Maybe you’re brand new to The Three Principles. Maybe you discovered the Principles not long ago and have already felt their powerful, life-changing impact in your own life. Maybe you’ve been living the Principles for years or decades and are even sharing them as a coach.
Wherever you are on that journey, I bet you recognize this line of thought:
If I really get the principles, if I really get that my experience is created from the inside-out not from the outside-in, then I should be able to handle anything.
I shouldn’t be tired or overwhelmed by my work. It’s just thought.
I don’t need time for myself or time to recharge. That’s a story I’m telling myself.
I can handle my extended family for visiting for three whole weeks. I should be able to stay grounded and loving around anyone.

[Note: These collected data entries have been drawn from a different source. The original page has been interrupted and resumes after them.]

lemma distr_eq_imp_partially_cid:
  assumes "\<forall>n. \<forall>j\<in>I. \<forall>\<tau> :: 'w \<Rightarrow> nat. stopping_time G \<tau> \<and> (\<forall>\<omega>\<in>space M. n \<le> \<tau> \<omega>) \<longrightarrow>
      distr M (PiM (I - {j}) (\<lambda>_. borel) \<Otimes>\<^sub>M borel) (\<lambda>\<omega>. (rest_row j n \<omega>, X (\<tau> \<omega> + 1) j \<omega>))
    = distr M (PiM (I - {j}) (\<lambda>_. borel) \<Otimes>\<^sub>M borel) (\<lambda>\<omega>. (rest_row j n \<omega>, X (n + 1) j \<omega>))"
  shows "partially_cid M G I X"
  unfolding partially_cid_iff_set_integral
proof (intro ballI allI impI)
  fix j and k n :: nat and f :: "'x \<Rightarrow> real" and A
  assume j: "j \<in> I" and k: "1 \<le> k" and f: "bdd_meas f" and A: "A \<in> sets (H j n)"
  have "n + k = n + k - 1 + 1"
    using k by simp
  then have integrable_k: "integrable M (\<lambda>\<omega>. f (X (n + k) j \<omega>))"
    using integrable_bdd_meas_X[OF f j, of "n + k - 1"] by metis
  have rect_sets_M: "rect_sets j n \<subseteq> sets M"
    using rect_sets_subset_H[of j n] subalgebra_H[of j n] by (auto simp: subalgebra_def)
  have A_sigma: "A \<in> sigma_sets (space M) (rect_sets j n)"
    using A sets_H_eq_sigma_rect_sets by blast
  note distr_eq = assms[THEN spec[of _ n], THEN bspec[OF _ j], THEN spec, THEN mp]
  show "(\<integral>\<omega>\<in>A. f (X (n + k) j \<omega>) \<partial>M) = (\<integral>\<omega>\<in>A. f (X (n + 1) j \<omega>) \<partial>M)"
    by (rule set_integral_eq_on_sigma_sets[OF Int_stable_rect_sets rect_sets_M space_in_rect_sets
          integrable_k integrable_bdd_meas_X[OF f j]
          set_integral_rect_sets_of_distr_eq[OF distr_eq j f k] A_sigma])
qed

end

theorem mainTheorem3:
  fixes M :: "'w measure"
    and G :: "nat \<Rightarrow> 'w measure"
    and I :: "'i set"
    and X :: "nat \<Rightarrow> 'i \<Rightarrow> 'w \<Rightarrow> 'x::polish_space"
  assumes "prob_space M"
    and "countable I"
    and "is_filtration M G"
    and "adapted_rows G I X"
  shows "(partially_cid M G I X
           \<longleftrightarrow> (\<forall>j\<in>I. \<forall>f. bdd_meas f \<longrightarrow>
                 martingale M (Gj M G I X j)
                   (\<lambda>n. real_cond_exp M (Gj M G I X j n) (\<lambda>\<omega>. f (X (n + 1) j \<omega>)))))
       \<and> (partially_cid M G I X
           \<longleftrightarrow> (\<forall>n. \<forall>j\<in>I. \<forall>\<tau> :: 'w \<Rightarrow> nat. stopping_time G \<tau> \<and> (\<forall>\<omega>\<in>space M. n \<le> \<tau> \<omega>) \<longrightarrow>
                 distr M (PiM (I - {j}) (\<lambda>_. borel) \<Otimes>\<^sub>M borel)
                   (\<lambda>\<omega>. (\<lambda>i\<in>I - {j}. X (n + 1) i \<omega>, X (\<tau> \<omega> + 1) j \<omega>))
                 = distr M (PiM (I - {j}) (\<lambda>_. borel) \<Otimes>\<^sub>M borel)
                   (\<lambda>\<omega>. (\<lambda>i\<in>I - {j}. X (n + 1) i \<omega>, X (n + 1) j \<omega>))))"
proof -
  interpret prob_space M by (rule assms(1))
  interpret adapted_array M G I X
    using assms(3,4) by unfold_locales
  show ?thesis
    using partially_cid_iff_martingale partially_cid_imp_distr_eq distr_eq_imp_partially_cid by blast
qed

end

I can take on yet another client or project. If I have access to infinite energy and wisdom, I should be able to handle it.

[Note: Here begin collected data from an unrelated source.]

(* Let $\Psi_n$ be a real $K\times K$ matrix and $c\in(0,1)$. For every integer $s$ with $1\le s\le K/2$ and every $1<p\le2$, $$\kappa_{p,J}\ge C(p)\,s^{-1/p}\,\kappa_{\rm RE}(2s)\qquad\text{for all }J\subseteq\{1,\dots,K\}\text{ with }|J|\le s,$$ where $C(p)=2^{-1/p-1/2}(1-c)\Big(1+\frac{1+c}{1-c}(p-1)^{-1/p}\Big)^{-1}$.
   Context: $\Delta_J$ zeroes coordinates outside $J$, $J^c$ complement. $C_J=\{\Delta\in\mathbb R^K:|\Delta_{J^c}|_1\le\frac{1+c}{1-c}|\Delta_J|_1\}$; $\kappa_{p,J}=\inf\{|\Psi_n\Delta|_\infty:\Delta\in C_J,|\Delta|_p=1\}$. $\kappa_{{\rm RE},J}=\inf_{\Delta\in C_J\setminus\{0\}}\frac{|\Delta^T\Psi_n\Delta|}{|\Delta_J|_2^2}$ (ratio with zero denominator is $+\infty$) and $\kappa_{\rm RE}(m)=\min_{|J|\le m}\kappa_{{\rm RE},J}$. *)

theory Defs
  imports "HOL-Analysis.Analysis" "HOL-Library.Extended_Real"
begin

text \<open>Vectors in R^K are modelled as real^'n with K = CARD('n); the index set
 {1..K} is UNIV :: 'n set.\<close>

definition restr :: "'n::finite set \<Rightarrow> real^'n \<Rightarrow> real^'n" where
  "restr J x = (\<chi> i. if i \<in> J then x $ i else 0)"

definition lpnorm :: "real \<Rightarrow> real^'n::finite \<Rightarrow> real" where
  "lpnorm p x = (\<Sum>i\<in>UNIV. \<bar>x $ i\<bar> powr p) powr (1 / p)"

definition l1norm :: "real^'n::finite \<Rightarrow> real" where
  "l1norm x = (\<Sum>i\<in>UNIV. \<bar>x $ i\<bar>)"

definition supnorm :: "real^'n::finite \<Rightarrow> real" where
  "supnorm x = Max (range (\<lambda>i. \<bar>x $ i\<bar>))"

definition cone :: "real \<Rightarrow> 'n::finite set \<Rightarrow> (real^'n) set" where
  "cone c J = {x. l1norm (restr (- J) x) \<le> (1 + c) / (1 - c) * l1norm (restr J x)}"

text \<open>kappa_{p,J}; the infimum is taken in the extended reals (inf of empty set = +infinity).\<close>
definition kappa_p :: "real^'n^'n::finite \<Rightarrow> real \<Rightarrow> real \<Rightarrow> 'n set \<Rightarrow> ereal" where
  "kappa_p Psi c p J =
     Inf {ereal (supnorm (Psi *v x)) | x. x \<in> cone c J \<and> lpnorm p x = 1}"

If I’m grounded enough and “get” it enough, I should be able to do anything, right?
The idea that we should be able to handle or do anything just because our experience of life is created from the inside-out is a simple, innocent misunderstanding. It’s a misunderstanding of one of the most impactful, beautiful implications of the Principles: our innate wisdom.

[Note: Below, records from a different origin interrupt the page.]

lemma lin_aut_mapping_span2:
  assumes B: "B \<subseteq> cube n" "lin_indep B" and B': "B' \<subseteq> cube n" "lin_indep B'"
    and card: "card B = card B'"
  obtains L where "lin_aut n L" "L ` span2 B = span2 B'"
proof -
  obtain C where C: "B \<subseteq> C" "C \<subseteq> cube n" "lin_indep C" "card C = n"
    using lin_indep_extend_basis[OF B] by blast
  obtain C' where C': "B' \<subseteq> C'" "C' \<subseteq> cube n" "lin_indep C'" "card C' = n"
    using lin_indep_extend_basis[OF B'] by blast
  have "finite C" "finite C'"
    using C(3) C'(3) unfolding lin_indep_def by simp_all
  then obtain \<sigma> where \<sigma>: "bij_betw \<sigma> C C'" "\<sigma> ` B = B'"
    using bij_betw_extend[of C C' B B'] C(1,4) C'(1,4) card by auto
  obtain L where L: "lin_aut n L" and L_vsum: "\<And>S. S \<subseteq> C \<Longrightarrow> L (vsum S) = vsum (\<sigma> ` S)"
    using lin_aut_of_basis_bij[OF C(2-4) C'(2,3) \<sigma>(1)] by blast
  have "L ` span2 B = vsum ` image \<sigma> ` Pow B"
    unfolding span2_def image_image using C(1) L_vsum by (intro image_cong) auto
  also have "image \<sigma> ` Pow B = Pow B'"
    using \<sigma>(2) by (rule image_Pow_surj)
  finally show ?thesis
    using L that unfolding span2_def by blast
qed

text \<open>Over F_2 a map is affine iff it preserves sums of three points. The maps are normalised
  to {} off the cube, which makes affine_auts n finite.\<close>

definition affine_auts :: "nat \<Rightarrow> (nat set \<Rightarrow> nat set) set" where
  "affine_auts n =
     {g. bij_betw g (cube n) (cube n) \<and>
         (\<forall>x\<in>cube n. \<forall>y\<in>cube n. \<forall>z\<in>cube n. g (vadd x (vadd y z)) = vadd (g x) (vadd (g y) (g z))) \<and>
         (\<forall>x. x \<notin> cube n \<longrightarrow> g x = {})}"

definition aff_comp :: "nat \<Rightarrow> (nat set \<Rightarrow> nat set) \<Rightarrow> (nat set \<Rightarrow> nat set) \<Rightarrow> nat set \<Rightarrow> nat set" where
  "aff_comp n g h = (\<lambda>x. if x \<in> cube n then g (h x) else {})"

lemma affine_aut_bij: "g \<in> affine_auts n \<Longrightarrow> bij_betw g (cube n) (cube n)"
  and affine_aut_vadd3: "g \<in> affine_auts n \<Longrightarrow> x \<in> cube n \<Longrightarrow> y \<in> cube n \<Longrightarrow> z \<in> cube n \<Longrightarrow>
      g (vadd x (vadd y z)) = vadd (g x) (vadd (g y) (g z))"
  and affine_aut_outside: "g \<in> affine_auts n \<Longrightarrow> x \<notin> cube n \<Longrightarrow> g x = {}"
  by (simp_all add: affine_auts_def)

lemma affine_aut_in_cube: "g \<in> affine_auts n \<Longrightarrow> x \<in> cube n \<Longrightarrow> g x \<in> cube n"
  and affine_aut_inj_on: "g \<in> affine_auts n \<Longrightarrow> inj_on g (cube n)"
  and affine_aut_image_cube: "g \<in> affine_auts n \<Longrightarrow> g ` cube n = cube n"
  using affine_aut_bij by (auto simp: bij_betw_def)

lemma affine_auts_eqI:
  assumes "g \<in> affine_auts n" "h \<in> affine_auts n" "\<And>x. x \<in> cube n \<Longrightarrow> g x = h x"
  shows "g = h"
proof
  show "g x = h x" for x
    using assms by (cases "x \<in> cube n") (simp_all add: affine_aut_outside)
qed

lemma finite_affine_auts: "finite (affine_auts n)"
proof -
  have "inj_on (\<lambda>g. restrict g (cube n)) (affine_auts n)"
  proof (rule inj_onI)
    fix g h
    assume g: "g \<in> affine_auts n" and h: "h \<in> affine_auts n"
      and eq: "restrict g (cube n) = restrict h (cube n)"
    show "g = h"
    proof (rule affine_auts_eqI[OF g h])
      show "g x = h x" if "x \<in> cube n" for x
        using that fun_cong[OF eq, of x] by simp
    qed
  qed
  moreover have "(\<lambda>g. restrict g (cube n)) ` affine_auts n \<subseteq> cube n \<rightarrow>\<^sub>E cube n"
    using affine_aut_in_cube by auto
  moreover have "finite (cube n \<rightarrow>\<^sub>E cube n)"
    by (simp add: finite_PiE)
  ultimately show ?thesis
    using finite_imageD finite_subset by blast
qed

lemma aff_comp_in_affine_auts:
  assumes g: "g \<in> affine_auts n" and h: "h \<in> affine_auts n"
  shows "aff_comp n g h \<in> affine_auts n"
proof -
  have "bij_betw (g \<circ> h) (cube n) (cube n)"
    using affine_aut_bij[OF g] affine_aut_bij[OF h] by (rule bij_betw_trans[rotated])
  then have "bij_betw (aff_comp n g h) (cube n) (cube n)"
    by (rule bij_betw_cong[THEN iffD1, rotated]) (simp add: aff_comp_def)
  moreover have "aff_comp n g h (vadd x (vadd y z)) =
      vadd (aff_comp n g h x) (vadd (aff_comp n g h y) (aff_comp n g h z))"
    if "x \<in> cube n" "y \<in> cube n" "z \<in> cube n" for x y z
    using that by (simp add: aff_comp_def affine_aut_vadd3[OF h] affine_aut_vadd3[OF g] affine_aut_in_cube[OF h])
  moreover have "aff_comp n g h x = {}" if "x \<notin> cube n" for x
    using that by (simp add: aff_comp_def)
  ultimately show ?thesis
    unfolding affine_auts_def by blast
qed

lemma lin_aut_linear_part:
  assumes g: "g \<in> affine_auts n" and x0: "x0 \<in> cube n"
  shows "lin_aut n (\<lambda>v. vadd (g (vadd x0 v)) (g x0))"
  unfolding lin_aut_def
proof (intro conjI ballI)
  fix u v
  assume u: "u \<in> cube n" and v: "v \<in> cube n"
  have "g (vadd (vadd x0 u) (vadd x0 (vadd x0 v))) = vadd (g (vadd x0 u)) (vadd (g x0) (g (vadd x0 v)))"
    using u v x0 by (intro affine_aut_vadd3[OF g]) simp_all
  moreover have "vadd (vadd x0 u) (vadd x0 (vadd x0 v)) = vadd x0 (vadd u v)"
    by (simp add: vadd_ac)
  ultimately show "vadd (g (vadd x0 (vadd u v))) (g x0) =
      vadd (vadd (g (vadd x0 u)) (g x0)) (vadd (g (vadd x0 v)) (g x0))"
    by (simp add: vadd_ac)
next
  show "inj_on (\<lambda>v. vadd (g (vadd x0 v)) (g x0)) (cube n)"
  proof (rule inj_onI)
    fix u v
    assume "u \<in> cube n" "v \<in> cube n" "vadd (g (vadd x0 u)) (g x0) = vadd (g (vadd x0 v)) (g x0)"
    then show "u = v"
      using inj_onD[OF affine_aut_inj_on[OF g], of "vadd x0 u" "vadd x0 v"] x0
      by (simp add: vadd_commute[of _ "g x0"] vadd_left_cancel)
  qed
next
  show "(\<lambda>v. vadd (g (vadd x0 v)) (g x0)) ` cube n \<subseteq> cube n"
    using affine_aut_in_cube[OF g] x0 by auto
qed

lemma affine_aut_image_flat:
  assumes g: "g \<in> affine_auts n" and Q: "Q \<in> flats n d"
  shows "g ` Q \<in> flats n d"
proof -
  obtain x0 B where x0: "x0 \<in> cube n" and B: "B \<subseteq> cube n" "lin_indep B" "card B = d"
    and Q_eq: "Q = vadd x0 ` span2 B"
    using Q unfolding mem_flats_iff by blast
  define l where "l v = vadd (g (vadd x0 v)) (g x0)" for v
  have l: "lin_aut n l"
    unfolding l_def using g x0 by (rule lin_aut_linear_part)
  have "g (vadd x0 v) = vadd (g x0) (l v)" for v
    unfolding l_def by (simp add: vadd_ac)
  then have "g ` Q = vadd (g x0) ` l ` span2 B"
    unfolding Q_eq image_image by simp
  also have "l ` span2 B = span2 (l ` B)"
    using B(2) unfolding lin_indep_def by (intro lin_aut_image_span2[OF l B(1)]) simp
  finally have "g ` Q = vadd (g x0) ` span2 (l ` B)" .
  moreover have "l ` B \<subseteq> cube n" "lin_indep (l ` B)" "card (l ` B) = d"
    using B lin_aut_in_cube[OF l] lin_indep_image[OF l B(1,2)]
      card_image[OF inj_on_subset[OF lin_aut_inj_on[OF l] B(1)]] by auto
  ultimately show ?thesis
    unfolding mem_flats_iff using affine_aut_in_cube[OF g x0] by blast
qed

lemma affine_aut_of_lin_aut:
  assumes L: "lin_aut n L" and x0: "x0 \<in> cube n" and y0: "y0 \<in> cube n"
  shows "(\<lambda>x. if x \<in> cube n then vadd y0 (L (vadd x0 x)) else {}) \<in> affine_auts n"
    (is "?g \<in> _")
proof -
  have maps: "?g x \<in> cube n" if "x \<in> cube n" for x
    using that x0 y0 lin_aut_in_cube[OF L] by simp
  have inj: "inj_on ?g (cube n)"
  proof (rule inj_onI)
    fix u v
    assume "u \<in> cube n" "v \<in> cube n" "?g u = ?g v"
    then show "u = v"
      using inj_onD[OF lin_aut_inj_on[OF L], of "vadd x0 u" "vadd x0 v"] x0
      by (simp add: vadd_left_cancel)
  qed
  show ?thesis
    unfolding affine_auts_def bij_betw_def
  proof (intro CollectI conjI ballI allI impI inj)
    show "?g ` cube n = cube n"
      using inj maps by (intro endo_inj_surj) auto
    fix x y z
    assume "x \<in> cube n" "y \<in> cube n" "z \<in> cube n"
    moreover have "vadd x0 (vadd x (vadd y z)) = vadd (vadd x0 x) (vadd (vadd x0 y) (vadd x0 z))"
      by (simp add: vadd_ac)
    ultimately show "?g (vadd x (vadd y z)) = vadd (?g x) (vadd (?g y) (?g z))"
      using x0 by (simp add: lin_aut_vadd[OF L] vadd_ac)
  qed simp
qed

lemma affine_auts_transitive_on_flats:
  assumes Q: "Q \<in> flats n d" and Q': "Q' \<in> flats n d"
  obtains g where "g \<in> affine_auts n" "g ` Q = Q'"
proof -
  obtain x0 B where x0: "x0 \<in> cube n" and B: "B \<subseteq> cube n" "lin_indep B" "card B = d"
    and Q_eq: "Q = vadd x0 ` span2 B"
    using Q unfolding mem_flats_iff by blast
  obtain y0 B' where y0: "y0 \<in> cube n" and B': "B' \<subseteq> cube n" "lin_indep B'" "card B' = d"
    and Q'_eq: "Q' = vadd y0 ` span2 B'"
    using Q' unfolding mem_flats_iff by blast
  obtain L where L: "lin_aut n L" "L ` span2 B = span2 B'"
    using lin_aut_mapping_span2[OF B(1,2) B'(1,2)] B(3) B'(3) by metis
  define g where "g x = (if x \<in> cube n then vadd y0 (L (vadd x0 x)) else {})" for x
  have "g \<in> affine_auts n"
    unfolding g_def using L(1) x0 y0 by (rule affine_aut_of_lin_aut)
  moreover have "g ` Q = vadd y0 ` L ` span2 B"
    unfolding Q_eq image_image g_def using x0 span2_subset_cube[OF B(1)]
    by (intro image_cong) auto
  ultimately show ?thesis
    using that unfolding Q'_eq L(2) by blast
qed

section \<open>Averaging over the affine group\<close>

definition transporters :: "nat \<Rightarrow> nat set set \<Rightarrow> nat set set \<Rightarrow> (nat set \<Rightarrow> nat set) set" where
  "transporters n Q Q' = {g \<in> affine_auts n. g ` Q = Q'}"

Every one of us is powered by an infinite inner wisdom. This wisdom has nothing to do with our intellect. It’s a much deeper, wordless intelligence, a deeper knowing that is hard to describe in words.
Here’s an analogy that might help make sense of it:
Think about how a tree “knows” just what to do and when to do it. It “knows” just when to put out shoots, flowers or cones. It “knows” when it’s time to shed leaves, or when it needs to sink deeper roots to find water. It “knows” to communicate with other trees when there’s a threat of pests or disease. It even “knows” when and how to share nutrients with a nearby tree that needs help (see “The Hidden Life of Trees” by Peter Wohlleben).
If something blocks the light it needs, it “knows” how to twist and turn and find its way back to getting enough light, to getting just what it needs to thrive. Just like every other living thing on this earth, it’s designed to thrive.
And yet, it has no brain and it has no conscious thought. “All” it has is a deeper, wordless, universal intelligence that powers it and knows just what it needs and when it needs it. It’s totally mind-boggling when you stop to think about it.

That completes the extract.